Let's test on another example

> In this example, we used the same vocabulary we built in the previous cell held in vectorizer but on a different text. Obviously the resulting count is different since the word 'brown' for example does not appear in this document. It is given the value 0, whereas the word 'quick' appears 3 times.



In [2]:
text = ["The quick quick quick fox jumped over a big dog"]

# encode document
vector = vectorizer.transform(text)

# summarize encoded vector
print(vector.shape)
print(vector.toarray())

(1, 8)
[[0 1 1 1 0 1 3 1]]


### Word frequencies
> This section deals with the application of the TF-IDF formula in order to describe word appearances relative to multiple documents
![TF-IDF formula](https://miro.medium.com/max/3604/1*ImQJjYGLq2GE4eX40Mh28Q.png)
source: https://medium.com/nlpgurukool/tfidf-vectorizer-5421f1528402

In [3]:
from sklearn.feature_extraction.text import TfidfVectorizer

# list of text documents
text = ["The quick brown fox jumped over the lazy dog.",
		"The dog.",
		"The fox"]
# create the transform
vectorizer = TfidfVectorizer()

# tokenize and build vocab
vectorizer.fit(text)

# summarize
print(vectorizer.vocabulary_)
print(vectorizer.idf_)

# encode document
vector = vectorizer.transform([text[0]])

# summarize encoded vector
print(vector.shape)
print(vector.toarray())

{'the': 7, 'quick': 6, 'brown': 0, 'fox': 2, 'jumped': 3, 'over': 5, 'lazy': 4, 'dog': 1}
[1.69314718 1.28768207 1.28768207 1.69314718 1.69314718 1.69314718
 1.69314718 1.        ]
(1, 8)
[[0.36388646 0.27674503 0.27674503 0.36388646 0.36388646 0.36388646
  0.36388646 0.42983441]]


> You can tell how, for example, the word 'brown' has a higher multiplier than 'the' eventhough the latter has two appearances in the first document.

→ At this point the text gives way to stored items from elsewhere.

lemma eventually_integral_perturbation_less:
  fixes p c :: real
  assumes "p > 0" and "c * (c + p - 2) < 0"
  shows "\<forall>\<^sub>F e in at_right 0.
    integral angle_square
      (\<lambda>x. cmod ((\<lambda>(z1, z2). 1 + of_real e * (z1 + z2) + of_real (c * e^2) * z1 * z2) (T2_param x)) powr p)
    < integral angle_square (\<lambda>x. cmod ((\<lambda>(z1, z2). 1 + of_real e * (z1 + z2)) (T2_param x)) powr p)"
proof -
  obtain e0 K where "0 < e0" and gap:
    "\<And>e. 0 < e \<Longrightarrow> e \<le> e0 \<Longrightarrow>
      integral angle_square
        (\<lambda>x. cmod ((\<lambda>(z1, z2). 1 + of_real e * (z1 + z2) + of_real (c * e^2) * z1 * z2) (T2_param x)) powr p)
      - integral angle_square (\<lambda>x. cmod ((\<lambda>(z1, z2). 1 + of_real e * (z1 + z2)) (T2_param x)) powr p)
      \<le> 4 * pi^2 * e^4 * ((p/2)^2 * c * (c + p - 2) + K * e)"
    using integral_perturbation_gap_bound[OF \<open>p > 0\<close>, where c = c] by blast
  have "(p/2)^2 * (c * (c + p - 2)) < 0"
    by (rule mult_pos_neg) (use assms in auto)
  moreover have "((\<lambda>e. K * e) \<longlongrightarrow> 0) (at_right 0)"
    by (rule tendsto_mult_right_zero) (rule tendsto_ident_at)
  ultimately have "\<forall>\<^sub>F e in at_right 0. K * e < - ((p/2)^2 * (c * (c + p - 2)))"
    by (intro order_tendstoD(2)) auto
  then have "\<forall>\<^sub>F e in at_right 0. (p/2)^2 * c * (c + p - 2) + K * e < 0"
    by (rule eventually_mono) (simp add: mult.assoc)
  moreover have "\<forall>\<^sub>F e in at_right (0::real). 0 < e \<and> e < e0"
    using \<open>0 < e0\<close> by (auto simp: eventually_at_right_field)
  ultimately show ?thesis
  proof eventually_elim
    case (elim e)
    then have "4 * pi^2 * e^4 * ((p/2)^2 * c * (c + p - 2) + K * e) < 0"
      by (intro mult_pos_neg) auto
    with gap[of e] elim show ?case by simp
  qed
qed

This is due to the fact 'the' appears in the other two documents which reduces its uniqueness

Let's test it on one other example

In [4]:
text = ["The quick quick quick fox jumped over a big dog"]

# encode document
vector = vectorizer.transform(text)

# summarize encoded vector
print(vector.shape)
print(vector.toarray())

(1, 8)
[[0.         0.21506078 0.21506078 0.28277908 0.         0.28277908
  0.84833724 0.16701388]]


> We find our selves with two null values because this document does not include the words 'brown' or 'lazy'. And since the word 'big' is not included in the vocab, it is discarded.